6. 356°F / 180°C: Sugar Begins to Caramelize Visibly
Unlike the Maillard reaction, which requires the
presence of both amino acids and sugars and has a number of interdependent variables
influencing the particular temperature of reaction, caramelization
(the decomposition via dehydration of sugar molecules such as sucrose) is relatively
simple, at least by comparison. Pure sucrose melts at 367°F / 186°C; decomposition begins
at lower temperatures (somewhere in the range of 320–340°F / 160–170°C) and continues up
until around 390°F / 199°C. (Melting is not the same thing as decomposition—sucrose has a
distinct melting point, which can be used as a clever way of calibrating your oven.

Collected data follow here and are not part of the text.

lemma cnum_approx_submodular:
  assumes "A \<subseteq> V" "B \<subseteq> V" "pfun E B = 1" "x \<in> V" "x \<notin> A \<union> B"
  shows "cnum V E (insert x (A \<union> B)) - cnum V E (A \<union> B)
           \<le> cnum V E (insert x A) - cnum V E A + 1"
proof -
  have "q_joined V E (A \<union> B) x \<le> q_joined V E A x"
    using q_joined_antimono[OF finite_vertices _ assms(4)] by blast
  moreover have "p_joined E (A \<union> B) x \<le> p_joined E A x + 1"
    using finite_subset_vertices assms(1-3) by (intro p_joined_Un_connected_le) auto
  moreover have "cnum V E (insert x (A \<union> B)) - cnum V E (A \<union> B)
      = (int (q_joined V E (A \<union> B) x) - 1) + (int (p_joined E (A \<union> B) x) - 1)"
    using assms(1,2,4,5) by (intro cnum_insert) auto
  moreover have "cnum V E (insert x A) - cnum V E A
      = (int (q_joined V E A x) - 1) + (int (p_joined E A x) - 1)"
    using assms(1,4,5) by (intro cnum_insert) auto
  ultimately show ?thesis by linarith
qed

end

section \<open>The function h\<close>

lemma nbr_insert:
  "nbr E (insert x X) v = (if {v, x} \<in> E then insert x (nbr E X v) else nbr E X v)"
  unfolding nbr_def by auto

lemma WA_insert:
  assumes "finite X" "x \<notin> X"
  shows "WA E w (insert x X) v = WA E w X v + (if {v, x} \<in> E then w {v, x} else 0)"
proof -
  have "finite (nbr E X v)" by (rule finite_subset[OF nbr_subset assms(1)])
  moreover have "x \<notin> nbr E X v" using assms(2) unfolding nbr_def by simp
  ultimately show ?thesis unfolding WA_def nbr_insert by (simp add: add.commute)
qed

lemma WA_mono:
  assumes "finite T" "S \<subseteq> T" "\<And>e. e \<in> E \<Longrightarrow> 0 \<le> w e"
  shows "WA E w S v \<le> WA E w T v"
  unfolding WA_def
proof (rule sum_mono2)
  show "finite (nbr E T v)" by (rule finite_subset[OF nbr_subset assms(1)])
  show "nbr E S v \<subseteq> nbr E T v" using assms(2) unfolding nbr_def by auto
qed (use assms(3) in \<open>auto simp: nbr_def\<close>)

lemma hv_eq_min:
  "hv V E w A v = (if v \<in> A then WA E w V v / 2 else min (WA E w A v) (WA E w V v / 2))"
  unfolding hv_def by auto

lemma hv_mono:
  assumes "finite T" "S \<subseteq> T" "\<And>e. e \<in> E \<Longrightarrow> 0 \<le> w e"
  shows "hv V E w S v \<le> hv V E w T v"
proof -
  have "WA E w S v \<le> WA E w T v" using assms by (rule WA_mono)
  then show ?thesis using assms(2) unfolding hv_eq_min by auto
qed

lemma min_add_diff_antimono:
  fixes a b c d :: "'a::linordered_field"
  assumes "0 \<le> d" "a \<le> b"
  shows "min (b + d) c - min b c \<le> min (a + d) c - min a c"
  using assms unfolding min_def by (simp split: if_split; linarith)

lemma hv_submodular:
  assumes "finite T" "S \<subseteq> T" "x \<notin> T" and w: "\<And>e. e \<in> E \<Longrightarrow> 0 \<le> w e"
  shows "hv V E w (insert x T) v - hv V E w T v \<le> hv V E w (insert x S) v - hv V E w S v"
proof -
  have fin_S: "finite S" using assms(1,2) finite_subset by blast
  have le: "WA E w S v \<le> WA E w T v" using assms(1,2) w by (rule WA_mono)
  consider "v = x" | "v \<noteq> x" "v \<in> T" | "v \<noteq> x" "v \<notin> T" by blast
  then show ?thesis
  proof cases
    case 1
    then have "v \<notin> S" "v \<notin> T" using assms(2,3) by auto
    moreover have "min (WA E w S v) (WA E w V v / 2) \<le> min (WA E w T v) (WA E w V v / 2)"
      using le by (rule min.mono) simp
    ultimately show ?thesis using 1 unfolding hv_eq_min by simp
  next
    case 2
    have "hv V E w S v \<le> hv V E w (insert x S) v"
      using fin_S w by (intro hv_mono) auto
    then show ?thesis using 2 unfolding hv_eq_min by simp
  next
    case 3
    then have "v \<notin> S" "x \<notin> S" using assms(2,3) by auto
    define d where "d = (if {v, x} \<in> E then w {v, x} else 0)"
    have "0 \<le> d" unfolding d_def using w by simp
    have "WA E w (insert x T) v = WA E w T v + d"
      unfolding d_def using assms(1,3) by (rule WA_insert)
    then have T: "hv V E w (insert x T) v = min (WA E w T v + d) (WA E w V v / 2)"
      "hv V E w T v = min (WA E w T v) (WA E w V v / 2)"
      using 3 by (simp_all add: hv_eq_min)
    have "WA E w (insert x S) v = WA E w S v + d"
      unfolding d_def using fin_S \<open>x \<notin> S\<close> by (rule WA_insert)
    then have S: "hv V E w (insert x S) v = min (WA E w S v + d) (WA E w V v / 2)"
      "hv V E w S v = min (WA E w S v) (WA E w V v / 2)"
      using 3 \<open>v \<notin> S\<close> by (simp_all add: hv_eq_min)
    show ?thesis
      unfolding T S using \<open>0 \<le> d\<close> le by (rule min_add_diff_antimono)
  qed
qed

lemma hfun_mono:
  assumes "finite V" "S \<subseteq> T" "T \<subseteq> V" "\<And>e. e \<in> E \<Longrightarrow> 0 \<le> w e"
  shows "hfun V E w S \<le> hfun V E w T"
proof -
  have "finite T" using assms(1,3) finite_subset by blast
  then show ?thesis unfolding hfun_def using assms(2,4) by (intro sum_mono hv_mono)
qed

lemma hfun_submodular:
  assumes "finite V" "S \<subseteq> T" "T \<subseteq> V" "x \<notin> T" "\<And>e. e \<in> E \<Longrightarrow> 0 \<le> w e"
  shows "hfun V E w (insert x T) - hfun V E w T \<le> hfun V E w (insert x S) - hfun V E w S"
proof -
  have "finite T" using assms(1,3) finite_subset by blast
  then show ?thesis
    unfolding hfun_def sum_subtractf[symmetric] using assms(2,4,5) by (intro sum_mono hv_submodular)
qed

lemma wgraph_imp_simple_graph: "wgraph V E w \<Longrightarrow> simple_graph V E"
  unfolding wgraph_def by unfold_locales auto

lemma Lval_nonneg:
  assumes "finite V" "v \<in> V"
  shows "0 \<le> Lval V E w"
proof -
  have "0 \<le> lv V E w v" unfolding lv_def by simp
  also have "lv V E w v \<le> Lval V E w" unfolding Lval_def using assms by simp
  finally show ?thesis .
qed

lemma mono_on_subsets_if_mono_insert:
  fixes f :: "'a set \<Rightarrow> 'b::preorder"
  assumes "finite V" "\<And>S x. S \<subseteq> V \<Longrightarrow> x \<in> V \<Longrightarrow> f S \<le> f (insert x S)"
    and "A \<subseteq> B" "B \<subseteq> V"
  shows "f A \<le> f B"
proof -
  have "f A \<le> f (A \<union> D)" if "finite D" "D \<subseteq> V" for D
    using that
  proof (induction rule: finite_subset_induct')
    case (insert a D)
    have "f (A \<union> D) \<le> f (insert a (A \<union> D))"
      using assms(3,4) insert.hyps(2,3) by (intro assms(2)) auto
    then show ?case using insert.IH by (auto intro: order_trans)
  qed simp
  moreover have "finite (B - A)" using assms(1,4) finite_subset by blast
  ultimately show ?thesis using assms(3,4) by (metis Diff_subset Un_Diff_cancel subset_Un_eq dual_order.trans)
qed

lemma ffun_mono_insert:
  assumes G: "wgraph V E w" and "S \<subseteq> V" "x \<in> V"
  shows "ffun V E w S \<le> ffun V E w (insert x S)"
proof -
  interpret simple_graph V E using G by (rule wgraph_imp_simple_graph)
  have w: "\<And>e. e \<in> E \<Longrightarrow> 0 \<le> w e" and x_edge: "\<exists>e\<in>E. x \<in> e"
    using G assms(3) unfolding wgraph_def by (auto intro: less_imp_le)
  have "hfun V E w S \<le> hfun V E w (insert x S)"
    using finite_vertices assms(2,3) w by (intro hfun_mono) auto
  moreover have "cfun V E w S \<le> cfun V E w (insert x S)"
    unfolding cfun_eq_cnum
    using cnum_mono_insert[OF assms(3,2) x_edge] Lval_nonneg[OF finite_vertices assms(3)]
    by (intro divide_right_mono) auto
  ultimately show ?thesis unfolding ffun_def by simp
qed

lemma ffun_mono:
  assumes "wgraph V E w" "A \<subseteq> B" "B \<subseteq> V"
  shows "ffun V E w A \<le> ffun V E w B"
  using assms(1) unfolding wgraph_def
  by (intro mono_on_subsets_if_mono_insert[OF _ ffun_mono_insert[OF assms(1)] assms(2,3)]) auto

lemma ffun_approx_submodular:
  assumes G: "wgraph V E w" and "A \<subseteq> V" "B \<subseteq> V" "connected_set E B" "x \<in> V" "x \<notin> A \<union> B"
  shows "ffun V E w (insert x (A \<union> B)) - ffun V E w (A \<union> B)
           \<le> ffun V E w (insert x A) - ffun V E w A + 1 / of_int (Lval V E w)"
proof -
  interpret simple_graph V E using G by (rule wgraph_imp_simple_graph)
  have w: "\<And>e. e \<in> E \<Longrightarrow> 0 \<le> w e"
    using G unfolding wgraph_def by (auto intro: less_imp_le)
  let ?L = "of_int (Lval V E w) :: rat"
  have "0 \<le> ?L" using Lval_nonneg[OF finite_vertices assms(5)] by simp
  have "hfun V E w (insert x (A \<union> B)) - hfun V E w (A \<union> B)
      \<le> hfun V E w (insert x A) - hfun V E w A"
    using finite_vertices assms(2,3,6) w by (intro hfun_submodular) auto
  moreover have "of_int (cnum V E (insert x (A \<union> B)) - cnum V E (A \<union> B)) / ?L
      \<le> of_int (cnum V E (insert x A) - cnum V E A + 1) / ?L"
    using cnum_approx_submodular[OF assms(2,3) _ assms(5,6)] assms(4) \<open>0 \<le> ?L\<close>
    unfolding connected_set_def by (intro divide_right_mono) auto
  ultimately show ?thesis
    unfolding ffun_def cfun_eq_cnum by (simp add: diff_divide_distrib add_divide_distrib)
qed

Like the Maillard reaction, caramelization results in hundreds of compounds being
generated as a sugar decomposes, and these new compounds result in both browning and the
generation of enjoyable aromas in foods such as baked goods, coffee, and roasted nuts. For
some foods, these aromas, as wonderful as they might be, can overpower or interfere with
the flavors brought by the ingredients, such as in a light gingersnap cookie or a brownie.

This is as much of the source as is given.